Conor and Signy are happy together, and everything seems to be perfect. Although she is disappointed at being kept in a tower (which Conor assures her is for her own protection), she is still happy because she loves Conor. During a half-man hunt, Signy makes a shocking discovery. The half-men are not what they are reputed to be. After being cornered by a hyena-man, she is informed that Conor wishes to kill her family and claim London for his own. The hyena-man surprises her further by giving her a kitten named Cherry (who is said to have more than one shape), before leaping to the ground and meeting his end by Conor's convoy. After over a year within Conor's territory, her family come to visit. They come (as expected) heavily armed but are caught off guard by Conor's surprise attack. He has betrayed them. Val is killed and the three brothers are forced to surrender. The Volsons are taken to Conor's lair, being disrespected by the guards and townspeople as they go. After a few days of torture, Conor has them left out to die in the half-men lands. Their fate is to be dinner of a berserk pig who roams nearby. First Hadrian is eaten, then Ben. Before long only Siggy remains. Siggy wishes for death, but knows somehow that it is not to be. Signy (following being hamstrung under Conor's orders) discovers that her kitten Cherry is a shapeshifter. She informs her master that Siggy is still alive and in the hopes of pleasing Signy, rushes to his aide. Cherry helps him escape from the pig, before ensuring he is found by Melanie (another pig-woman). Melanie originally intends to sell him as a slave or at worst eat him.
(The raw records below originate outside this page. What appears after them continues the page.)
lemma regularCard_pigeonhole:
  assumes reg: "regularCard |K|" and inf: "infinite K"
    and Z_large: "\<not> |Z| <o |K|" and C_small: "|C| <o |K|" and f_into: "f ` Z \<subseteq> C"
  shows "\<exists>c\<in>C. \<not> |{z\<in>Z. f z = c}| <o |K|"
proof (rule ccontr)
  assume "\<not> ?thesis"
  then have "|\<Union>c\<in>C. {z\<in>Z. f z = c}| <o |K|"
    using inf C_small by (intro regularCard_UNION_bound[OF _ reg])
      (auto simp: cinfinite_def Field_card_of card_of_card_order_on)
  moreover have "Z \<subseteq> (\<Union>c\<in>C. {z\<in>Z. f z = c})" using f_into by blast
  ultimately show False
    using Z_large card_of_mono1 ordLeq_ordLess_trans by blast
qed

lemma not_kappa_FN_if_no_interpolants:
  fixes D :: "'k \<Rightarrow> 'b" and X :: "'k set \<Rightarrow> 'b"
  assumes reg: "regularCard |K|" and inf: "infinite K"
    and D_in: "\<And>\<xi>. \<xi> \<in> K \<Longrightarrow> D \<xi> \<in> B" and X_in: "\<And>Z. Z \<subseteq> K \<Longrightarrow> X Z \<in> B"
    and D_le_X: "\<And>Z \<xi>. Z \<subseteq> K \<Longrightarrow> \<xi> \<in> Z \<Longrightarrow> le (D \<xi>) (X Z)"
    and no_interpolant:
      "\<And>Z q c. Z \<subseteq> K \<Longrightarrow> q \<in> K - Z \<Longrightarrow> c \<in> B \<Longrightarrow> le (D q) c \<Longrightarrow> \<not> le c (X Z)"
  shows "\<not> kappa_FN K B le"
proof
  assume "kappa_FN K B le"
  then obtain f where f_small: "\<And>a. a \<in> B \<Longrightarrow> f a \<subseteq> B \<and> |f a| <o |K|"
    and f_interpolates: "\<And>a b. a \<in> B \<Longrightarrow> b \<in> B \<Longrightarrow> le a b \<Longrightarrow> \<exists>c\<in>f a \<inter> f b. le a c \<and> le c b"
    unfolding kappa_FN_def by blast
  define I where "I = (SIGMA \<xi>:K. f (D \<xi>))"
  define E where "E i = {\<eta>\<in>K. le (D \<eta>) (snd i)}" for i :: "'k \<times> 'b"
  have "|I| \<le>o |K|" unfolding I_def
    using f_small D_in
    by (intro card_of_Sigma_ordLeq_infinite[OF inf]) (auto intro: ordLess_imp_ordLeq card_of_mono1)
  define J where "J = {i\<in>I. \<not> |E i| <o |K|}"
  have "J \<subseteq> I" by (auto simp: J_def)
  with \<open>|I| \<le>o |K|\<close> have "|J| \<le>o |K|" using card_of_mono1 ordLeq_transitive by blast
  then have "\<exists>Z\<subseteq>K. \<not> |Z| <o |K| \<and> (\<forall>i\<in>J. \<not> E i \<subseteq> Z)"
    by (rule exists_large_subset_containing_none[OF inf]) (auto simp: J_def E_def)
  then obtain Z where Z_sub: "Z \<subseteq> K" and Z_large: "\<not> |Z| <o |K|"
    and Z_avoids: "\<And>i. i \<in> I \<Longrightarrow> \<not> |E i| <o |K| \<Longrightarrow> \<not> E i \<subseteq> Z"
    by (auto simp: J_def)
  have XZ_in: "X Z \<in> B" using X_in Z_sub .
  have "\<forall>\<xi>\<in>Z. \<exists>c. c \<in> f (D \<xi>) \<inter> f (X Z) \<and> le (D \<xi>) c \<and> le c (X Z)"
  proof
    fix \<xi> assume "\<xi> \<in> Z"
    with Z_sub show "\<exists>c. c \<in> f (D \<xi>) \<inter> f (X Z) \<and> le (D \<xi>) c \<and> le c (X Z)"
      using f_interpolates[OF D_in XZ_in D_le_X[OF Z_sub]] by blast
  qed
  then obtain c where c: "\<And>\<xi>. \<xi> \<in> Z \<Longrightarrow> c \<xi> \<in> f (D \<xi>) \<inter> f (X Z) \<and> le (D \<xi>) (c \<xi>) \<and> le (c \<xi>) (X Z)"
    by (metis bchoice)
  obtain c\<^sub>0 where c\<^sub>0: "c\<^sub>0 \<in> f (X Z)" and T_large: "\<not> |{\<xi>\<in>Z. c \<xi> = c\<^sub>0}| <o |K|"
    using regularCard_pigeonhole[OF reg inf Z_large, of "f (X Z)" c] f_small[OF XZ_in] c by blast
  define T where "T = {\<xi>\<in>Z. c \<xi> = c\<^sub>0}"
  have "T \<noteq> {}"
    using T_large empty_ordLess_card_of[of K] inf unfolding T_def by (metis finite.emptyI)
  then obtain \<xi>\<^sub>0 where "\<xi>\<^sub>0 \<in> T" by blast
  then have i\<^sub>0: "(\<xi>\<^sub>0, c\<^sub>0) \<in> I" using c Z_sub by (auto simp: T_def I_def)
  have "T \<subseteq> E (\<xi>\<^sub>0, c\<^sub>0)" using c Z_sub by (auto simp: T_def E_def)
  then have "\<not> |E (\<xi>\<^sub>0, c\<^sub>0)| <o |K|"
    using T_large card_of_mono1 ordLeq_ordLess_trans unfolding T_def by blast
  then obtain q where "q \<in> K - Z" and "le (D q) c\<^sub>0"
    using Z_avoids[OF i\<^sub>0] by (auto simp: E_def)
  moreover have "c\<^sub>0 \<in> B" using c\<^sub>0 f_small[OF XZ_in] by blast
  moreover have "le c\<^sub>0 (X Z)" using \<open>\<xi>\<^sub>0 \<in> T\<close> c by (auto simp: T_def)
  ultimately show False using no_interpolant[OF Z_sub] by blast
qed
But she quickly begins to like Siggy and decides to help him recuperate. She helps his wounds heal and assists in his convalescence. Before long Siggy is back to normal and has struck up a deep friendship with Melanie. Signy has become bitter and twisted and begins to think of nothing but her revenge against Conor. Signy realizes that Conor desperately wants her to have a baby, but she does not want it to be his. Instead, Signy changes shapes with Cherry. She changes into a bird and goes to meet Siggy. She seduces him and has him bear her a child unknowingly. When Signy has the baby, she pretends to have it kidnapped and lets rebel troops clone it. The original baby is named Victor, and the cloned one is named Styr. The cloned one is given special features, making it stronger, faster, and designed for war.

== Reviews ==
Julie Eccleshare, writing in The Guardian, gave the novel a positive review. She wrote that "Melvin Burgess is shocking, and deliberately so, in his descriptions of stomach-turning cruelty, but his carefully constructed retelling of the Nordic Volsunga saga is rich enough in other ways to carry it." Kirkus Reviews summarized its review by saying that the novel was "relentlessly inventive". Publishers Weekly also wrote positively, "Given such a gory framework, Burgess's development of sympathetic characters is as surprising as it is convincing. Rapidly shifting perspectives and deft dialogue expose minds as frighteningly real as growly gangsta rap and as unexpectedly compassionate as unconditional animal love, pivoting on Old Norse gods—or are they constructs of genetic breeding tanks?—who watch but cannot change the weaving of human fate."

== Stage adaptation ==
The novel was adapted for the stage by Marcus Romer for Pilot Theatre in 2004. Writing in The Guardian, Albert Hinkling gave the production a negative review, writing that "Romer's adaptation is pretty starved of poetry, and what there is has mostly been transplanted from Macbeth. Pilot can usually be relied on to provide edgy, aggressive and innovative work, but ultimately, Bloodtide is a great deal of sound and fury signifying nothing."

==Sequel==
Bloodsong (2007) is the sequel to Bloodtide. Kathryn Hughes of The Guardian gave the book a positive review, writing "By rights none of this should really work as narrative prose, sounding instead more like the jumbled backstory to a particularly complicated computer game. But Burgess has imagined his future world so precisely ... that Bloodsong reads like the most reasonable of realistic fiction."